Description of the task
Whenever a line in the entries includes the word "shows", copy that line out.

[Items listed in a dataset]
lemma AE_abs_le_pnorm:
  assumes "in_Lp I p u" "p = top"
  shows "AE t in M. \<bar>u t\<bar> \<le> pnorm I p u"
proof -
  have "esssup_abs u < \<infinity>" using assms unfolding in_Lp_def by simp
  then have "esssup_abs u = ereal (pnorm I p u)"
    using esssup_abs_nonneg[of u] assms(2) unfolding pnorm_def by (cases "esssup_abs u") auto
  then show ?thesis using esssup_AE[of "\<lambda>t. ereal \<bar>u t\<bar>" M] by simp
qed

lemma pnorm_top_le:
  assumes "p = top" "u \<in> borel_measurable M" "AE t in M. \<bar>u t\<bar> \<le> C"
  shows "in_Lp I p u \<and> pnorm I p u \<le> C"
proof -
  have "esssup_abs u \<le> ereal C" using assms by (intro esssup_I) auto
  then have "esssup_abs u < \<infinity> \<and> real_of_ereal (esssup_abs u) \<le> C"
    using esssup_abs_nonneg[of u] by (cases "esssup_abs u") auto
  then show ?thesis using assms unfolding in_Lp_def pnorm_def by simp
qed

lemma powr_integral_eq_pnorm_power:
  assumes "in_Lp I p u" "p \<noteq> top"
  shows "powr_integral M q u = ennreal (pnorm_power (pnorm I p u))"
proof -
  have fin: "powr_integral M q u < \<infinity>"
    using assms unfolding in_Lp_def Lp_int_eq_powr_integral by simp
  show ?thesis
  proof (cases "1 \<le> p")
    case True
    then show ?thesis
      using powr_integral_eq_root_powr[OF fin q_pos[OF assms(2)]] assms(2)
      unfolding pnorm_def pnorm_power_def Lp_int_eq_powr_integral by simp
  next
    case False
    then show ?thesis
      using fin assms(2) unfolding pnorm_def pnorm_power_def Lp_int_eq_powr_integral
      by (simp add: ennreal_enn2real_if)
  qed
qed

Task output
  shows "AE t in M. \<bar>u t\<bar> \<le> pnorm I p u"
  shows "in_Lp I p u \<and> pnorm I p u \<le> C"
  shows "powr_integral M q u = ennreal (pnorm_power (pnorm I p u))"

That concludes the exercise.